◆ RAW DATA
Segment Open
lemma has_vector_derivative_matrix_inv:
  fixes M :: "real \<Rightarrow> real^'n^'n"
  assumes "(M has_vector_derivative M') (at t)" "invertible (M t)"
  shows "((\<lambda>s. matrix_inv (M s)) has_vector_derivative
    - (matrix_inv (M t) ** M' ** matrix_inv (M t))) (at t)"
proof -
  let ?N = "\<lambda>s. matrix_inv (M s)"
  have M_lim: "(M \<longlongrightarrow> M t) (at t)"
    using has_vector_derivative_continuous[OF assms(1)] by (simp add: isCont_def)
  have "((\<lambda>s. (M s - M t) /\<^sub>R (s - t)) \<longlongrightarrow> M') (at t)"
    using assms(1) has_vector_derivative_iff_difference_quotient by blast
  then have "((\<lambda>s. - (?N s ** ((M s - M t) /\<^sub>R (s - t)) ** ?N t))
      \<longlongrightarrow> - (?N t ** M' ** ?N t)) (at t)"
    by (intro tendsto_intros bounded_bilinear.tendsto[OF bounded_bilinear_matrix_matrix_mult]
        tendsto_matrix_inv M_lim assms(2))
  moreover have "\<forall>\<^sub>F s in at t.
      - (?N s ** ((M s - M t) /\<^sub>R (s - t)) ** ?N t) = (?N s - ?N t) /\<^sub>R (s - t)"
    using eventually_invertible[OF M_lim assms(2)]
  proof eventually_elim
    case (elim s)
    have "?N s - ?N t = - (?N s ** (M s - M t) ** ?N t)"
      using matrix_inv_diff[OF assms(2) elim] by (simp add: matrix_mult_diff_left matrix_mult_diff_right)
    then show ?case
      by (simp add: matrix_mult_scaleR_left matrix_mult_scaleR_right)
  qed
  ultimately show ?thesis
    by (simp add: has_vector_derivative_iff_difference_quotient tendsto_cong)
qed

lemma second_vector_derivative:
  fixes f :: "real \<Rightarrow> 'a::real_normed_vector"
  assumes "\<forall>\<^sub>F t in nhds w. (f has_vector_derivative f' t) (at t)"
    and "(f' has_vector_derivative f'') (at w)"
  shows "(\<forall>\<^sub>F t in nhds w. f differentiable (at t))
    \<and> (\<lambda>t. vector_derivative f (at t)) differentiable (at w)
    \<and> vector_derivative (\<lambda>t. vector_derivative f (at t)) (at w) = f''"
proof -
  have "\<forall>\<^sub>F t in nhds w. vector_derivative f (at t) = f' t"
    using assms(1) by eventually_elim (rule vector_derivative_at)
  then have "((\<lambda>t. vector_derivative f (at t)) has_vector_derivative f'') (at w)"
    using assms(2)
    by (subst has_vector_derivative_cong_ev[where g = f'])
      (auto dest: eventually_nhds_x_imp_x elim: eventually_mono)
  with assms(1) show ?thesis
    by (auto simp: vector_derivative_at has_vector_derivative_def differentiable_def
        elim!: eventually_mono)
qed

lemma sym_pos_def_invertible:
  fixes A :: "real^'n^'n"
  assumes "sym_pos_def A"
  shows "invertible A"
proof -
  have "x = 0" if "A *v x = 0" for x
    using assms that by (auto simp: sym_pos_def_def)
  then show ?thesis
    using matrix_left_invertible_ker invertible_left_inverse by blast
qed

lemma sym_pos_def_congruence:
  fixes K C :: "real^'n^'n"
  assumes "sym_pos_def K" "invertible C"
  shows "sym_pos_def (transpose C ** K ** C)"
proof -
  have "C *v x \<noteq> 0" if "x \<noteq> 0" for x
    using assms(2) that matrix_left_invertible_ker invertible_left_inverse by blast
  moreover have "x \<bullet> ((transpose C ** K ** C) *v x) = (C *v x) \<bullet> (K *v (C *v x))" for x
    by (simp only: inner_transpose_matrix_vector flip: matrix_vector_mul_assoc)
  ultimately have "0 < x \<bullet> ((transpose C ** K ** C) *v x)" if "x \<noteq> 0" for x
    using assms(1) that by (simp add: sym_pos_def_def)
  moreover have "transpose (transpose C ** K ** C) = transpose C ** K ** C"
    using assms(1) by (simp add: sym_pos_def_def matrix_transpose_mul matrix_mul_assoc)
  ultimately show ?thesis
    by (simp add: sym_pos_def_def)
qed

lemma sym_pos_def_matrix_inv:
  fixes A :: "real^'n^'n"
  assumes "sym_pos_def A"
  shows "sym_pos_def (matrix_inv A)"
proof -
  have inv: "invertible A" and sym: "transpose A = A"
    using assms sym_pos_def_invertible by (auto simp: sym_pos_def_def)
  have "invertible (matrix_inv A)"
    using inv invertible_left_inverse matrix_inv_right by blast
  with assms have "sym_pos_def (transpose (matrix_inv A) ** A ** matrix_inv A)"
    by (rule sym_pos_def_congruence)
  then show ?thesis
    by (simp add: transpose_matrix_inv inv sym matrix_inv_left)
qed

lemma sym_pos_def_add_scaleR:
  fixes P Q :: "real^'n^'n"
  assumes "sym_pos_def P" "sym_pos_def Q" "0 \<le> s"
  shows "sym_pos_def (P + s *\<^sub>R Q)"
proof -
  have "0 < x \<bullet> ((P + s *\<^sub>R Q) *v x)" if "x \<noteq> 0" for x
  proof -
    have "0 < x \<bullet> (P *v x)" "0 < x \<bullet> (Q *v x)"
      using assms that by (auto simp: sym_pos_def_def)
    then show ?thesis
      using assms(3)
      by (simp add: matrix_vector_mult_add_rdistrib inner_add_right add_pos_nonneg
          flip: scaleR_matrix_vector_assoc)
  qed
  then show ?thesis
    using assms by (simp add: sym_pos_def_def transpose_add transpose_scalar)
qed

lemma sym_neg_def_scaleR:
  fixes A :: "real^'n^'n"
  assumes "sym_pos_def A" "c < 0"
  shows "sym_neg_def (c *\<^sub>R A)"
  using assms by (simp add: sym_pos_def_def sym_neg_def_def transpose_scalar mult_neg_pos
      flip: scaleR_matrix_vector_assoc)

lemma sym_neg_def_add:
  fixes A B :: "real^'n^'n"
  assumes "sym_neg_def A" "sym_neg_def B"
  shows "sym_neg_def (A + B)"
  using assms by (simp add: sym_neg_def_def transpose_add matrix_vector_mult_add_rdistrib
      inner_add_right add_neg_neg)

definition pencil_inv :: "real^'n^'n \<Rightarrow> real^'n^'n \<Rightarrow> real \<Rightarrow> real^'n^'n" where
  "pencil_inv P Q s = matrix_inv (P + s *\<^sub>R Q)"

definition scaled_pencil_inv :: "real^'n^'n \<Rightarrow> real^'n^'n \<Rightarrow> real \<Rightarrow> real^'n^'n" where
  "scaled_pencil_inv P Q s = s *\<^sub>R pencil_inv P Q s"

definition scaled_pencil_inv' :: "real^'n^'n \<Rightarrow> real^'n^'n \<Rightarrow> real \<Rightarrow> real^'n^'n" where
  "scaled_pencil_inv' P Q s =
     pencil_inv P Q s - s *\<^sub>R (pencil_inv P Q s ** Q ** pencil_inv P Q s)"

definition scaled_pencil_inv'' :: "real^'n^'n \<Rightarrow> real^'n^'n \<Rightarrow> real \<Rightarrow> real^'n^'n" where
  "scaled_pencil_inv'' P Q s =
     -2 *\<^sub>R (pencil_inv P Q s ** Q ** pencil_inv P Q s)
     + (2 * s) *\<^sub>R (pencil_inv P Q s ** Q ** pencil_inv P Q s ** Q ** pencil_inv P Q s)"

lemma H_SCI_eq_scaled_pencil_inv:
  "H_SCI PA PB QA QB t = scaled_pencil_inv PA QA t + scaled_pencil_inv PB QB (1 - t)"
  by (simp add: H_SCI_def scaled_pencil_inv_def pencil_inv_def)

lemma has_vector_derivative_pencil_inv:
  fixes P Q :: "real^'n^'n"
  assumes "invertible (P + s *\<^sub>R Q)"
  shows "(pencil_inv P Q has_vector_derivative
    - (pencil_inv P Q s ** Q ** pencil_inv P Q s)) (at s)"
proof -
  have "((\<lambda>t. P + t *\<^sub>R Q) has_vector_derivative Q) (at s)"
    by (auto intro!: derivative_eq_intros)
  from has_vector_derivative_matrix_inv[OF this assms] show ?thesis
    by (simp add: pencil_inv_def[abs_def])
qed

lemma has_vector_derivative_scaled_pencil_inv:
  fixes P Q :: "real^'n^'n"
  assumes "invertible (P + s *\<^sub>R Q)"
  shows "(scaled_pencil_inv P Q has_vector_derivative scaled_pencil_inv' P Q s) (at s)"
  unfolding scaled_pencil_inv_def[abs_def] scaled_pencil_inv'_def
  by (rule has_vector_derivative_eq_rhs,
      rule has_vector_derivative_scaleR[OF _ has_vector_derivative_pencil_inv[OF assms]])
    (auto intro!: derivative_eq_intros)

lemma has_vector_derivative_scaled_pencil_inv':
  fixes P Q :: "real^'n^'n"
  assumes "invertible (P + s *\<^sub>R Q)"
  shows "(scaled_pencil_inv' P Q has_vector_derivative scaled_pencil_inv'' P Q s) (at s)"
proof -
  let ?N = "pencil_inv P Q"
  note mult = bounded_bilinear.has_vector_derivative[OF bounded_bilinear_matrix_matrix_mult]
  have N: "(?N has_vector_derivative - (?N s ** Q ** ?N s)) (at s)"
    using assms by (rule has_vector_derivative_pencil_inv)
  have "((\<lambda>t. ?N t ** Q ** ?N t) has_vector_derivative
      (?N s ** Q) ** - (?N s ** Q ** ?N s) + (?N s ** 0 + - (?N s ** Q ** ?N s) ** Q) ** ?N s) (at s)"
    by (intro mult N has_vector_derivative_const)
  then have NQN: "((\<lambda>t. ?N t ** Q ** ?N t) has_vector_derivative
      -2 *\<^sub>R (?N s ** Q ** ?N s ** Q ** ?N s)) (at s)"
    by (rule has_vector_derivative_eq_rhs)
      (simp add: matrix_mul_assoc scaleR_2 matrix_mult_minus_left matrix_mult_minus_right)
  have "((\<lambda>t. ?N t - t *\<^sub>R (?N t ** Q ** ?N t)) has_vector_derivative
      - (?N s ** Q ** ?N s)
      - (s *\<^sub>R (-2 *\<^sub>R (?N s ** Q ** ?N s ** Q ** ?N s)) + 1 *\<^sub>R (?N s ** Q ** ?N s))) (at s)"
    by (intro has_vector_derivative_diff has_vector_derivative_scaleR N NQN DERIV_ident)
  then show ?thesis
    unfolding scaled_pencil_inv'_def[abs_def] scaled_pencil_inv''_def
    by (rule has_vector_derivative_eq_rhs) (simp add: vec_eq_iff algebra_simps)
qed

lemma matrix_inv_parallel_sum:
  fixes P Q :: "real^'n^'n"
  assumes "invertible P" "invertible Q" "invertible (P + s *\<^sub>R Q)"
  shows "Q ** pencil_inv P Q s ** P = matrix_inv (matrix_inv Q + s *\<^sub>R matrix_inv P)"
proof (rule matrix_inv_unique[symmetric])
  let ?M = "P + s *\<^sub>R Q"
  have "matrix_inv Q + s *\<^sub>R matrix_inv P
      = (matrix_inv P ** P) ** matrix_inv Q + s *\<^sub>R (matrix_inv P ** (Q ** matrix_inv Q))"
    by (simp add: assms matrix_inv_left matrix_inv_right)
  also have "\<dots> = matrix_inv P ** ?M ** matrix_inv Q"
    by (simp add: matrix_add_ldistrib matrix_mult_add_left matrix_mult_scaleR_left
        matrix_mult_scaleR_right matrix_mul_assoc)
  finally have "(matrix_inv Q + s *\<^sub>R matrix_inv P) ** (Q ** pencil_inv P Q s ** P)
      = matrix_inv P ** (?M ** (matrix_inv Q ** Q) ** matrix_inv ?M) ** P"
    by (simp add: pencil_inv_def matrix_mul_assoc)
  also have "\<dots> = mat 1"
    by (simp add: assms matrix_inv_left matrix_inv_right)
  finally show "(matrix_inv Q + s *\<^sub>R matrix_inv P) ** (Q ** pencil_inv P Q s ** P) = mat 1" .
qed

lemma sym_neg_def_scaled_pencil_inv'':
  fixes P Q :: "real^'n^'n"
  assumes P: "sym_pos_def P" and Q: "sym_pos_def Q" and "0 \<le> s"
  shows "sym_neg_def (scaled_pencil_inv'' P Q s)"
proof -
  define N where "N = pencil_inv P Q s"
  have M: "sym_pos_def (P + s *\<^sub>R Q)"
    using P Q \<open>0 \<le> s\<close> by (rule sym_pos_def_add_scaleR)
  then have "sym_pos_def N"
    unfolding N_def pencil_inv_def by (rule sym_pos_def_matrix_inv)
  then have N_sym: "transpose N = N" and N_inv: "invertible N"
    using sym_pos_def_invertible by (auto simp: sym_pos_def_def)
  have "sym_pos_def (matrix_inv Q + s *\<^sub>R matrix_inv P)"
    using P Q \<open>0 \<le> s\<close> by (intro sym_pos_def_add_scaleR sym_pos_def_matrix_inv)
  then have K: "sym_pos_def (Q ** N ** P)"
    unfolding N_def using P Q M
    by (simp add: matrix_inv_parallel_sum sym_pos_def_invertible sym_pos_def_matrix_inv)
  have "N ** P + s *\<^sub>R (N ** Q) = mat 1"
    using sym_pos_def_invertible[OF M]
    by (simp add: N_def pencil_inv_def matrix_inv_left flip: matrix_add_ldistrib matrix_mult_scaleR_right)
  then have "N ** P = mat 1 - s *\<^sub>R (N ** Q)"
    by (simp add: algebra_simps)
  then have "N ** (Q ** N ** P) ** N = N ** Q ** N - s *\<^sub>R (N ** Q ** N ** Q ** N)"
    by (simp add: matrix_mul_assoc matrix_mult_diff_left matrix_mult_diff_right
        matrix_mult_scaleR_left matrix_mult_scaleR_right flip: matrix_mul_assoc)
  then have "scaled_pencil_inv'' P Q s = -2 *\<^sub>R (transpose N ** (Q ** N ** P) ** N)"
    by (simp add: scaled_pencil_inv''_def N_def[symmetric] N_sym scaleR_diff_right)
  moreover have "sym_neg_def (-2 *\<^sub>R (transpose N ** (Q ** N ** P) ** N))"
    by (intro sym_neg_def_scaleR sym_pos_def_congruence K N_inv) simp
  ultimately show ?thesis
    by simp
qed

theorem lemma3:
  fixes PA PB QA QB :: "real^'n^'n"
  assumes "sym_pos_def PA" "sym_pos_def PB" "sym_pos_def QA" "sym_pos_def QB"
    and "w \<in> {0..1}"
  shows "(\<forall>\<^sub>F t in nhds w. H_SCI PA PB QA QB differentiable (at t))
    \<and> (\<lambda>t. vector_derivative (H_SCI PA PB QA QB) (at t)) differentiable (at w)
    \<and> sym_neg_def (vector_derivative (\<lambda>t. vector_derivative (H_SCI PA PB QA QB) (at t)) (at w))"
proof -
  let ?H' = "\<lambda>t. scaled_pencil_inv' PA QA t - scaled_pencil_inv' PB QB (1 - t)"
  let ?H'' = "scaled_pencil_inv'' PA QA w + scaled_pencil_inv'' PB QB (1 - w)"
  have inv_A: "invertible (PA + w *\<^sub>R QA)" and inv_B: "invertible (PB + (1 - w) *\<^sub>R QB)"
    using assms by (auto intro!: sym_pos_def_invertible sym_pos_def_add_scaleR)
  have "\<forall>\<^sub>F t in nhds w. invertible (PA + t *\<^sub>R QA)"
    using inv_A by (intro eventually_invertible) (auto intro!: tendsto_intros filterlim_ident)
  moreover have "\<forall>\<^sub>F t in nhds w. invertible (PB + (1 - t) *\<^sub>R QB)"
    using inv_B by (intro eventually_invertible) (auto intro!: tendsto_intros filterlim_ident)
  ultimately have "\<forall>\<^sub>F t in nhds w. (H_SCI PA PB QA QB has_vector_derivative ?H' t) (at t)"
    by eventually_elim (auto simp: H_SCI_eq_scaled_pencil_inv[abs_def]
        intro!: has_vector_derivative_scaled_pencil_inv has_vector_derivative_reflect
          has_vector_derivative_eq_rhs[OF has_vector_derivative_add])
  moreover have "(?H' has_vector_derivative ?H'') (at w)"
    using inv_A inv_B
    by (auto intro!: has_vector_derivative_scaled_pencil_inv' has_vector_derivative_reflect
        has_vector_derivative_eq_rhs[OF has_vector_derivative_diff])
  moreover have "sym_neg_def ?H''"
    using assms by (intro sym_neg_def_add sym_neg_def_scaled_pencil_inv'') auto
  ultimately show ?thesis
    by (simp add: second_vector_derivative)
qed

end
Segment Closed
◆ YOUR INSTRUCTIONS
After locating the line with "(at t)) has_vector_derivative" in the material above, return it and each line after it exactly, ending at the line with "by (auto simp: vector_derivative_at".

◆ FINISHED TASK
  then have "((\<lambda>t. vector_derivative f (at t)) has_vector_derivative f'') (at w)"
    using assms(2)
    by (subst has_vector_derivative_cong_ev[where g = f'])
      (auto dest: eventually_nhds_x_imp_x elim: eventually_mono)
  with assms(1) show ?thesis
    by (auto simp: vector_derivative_at has_vector_derivative_def differentiable_def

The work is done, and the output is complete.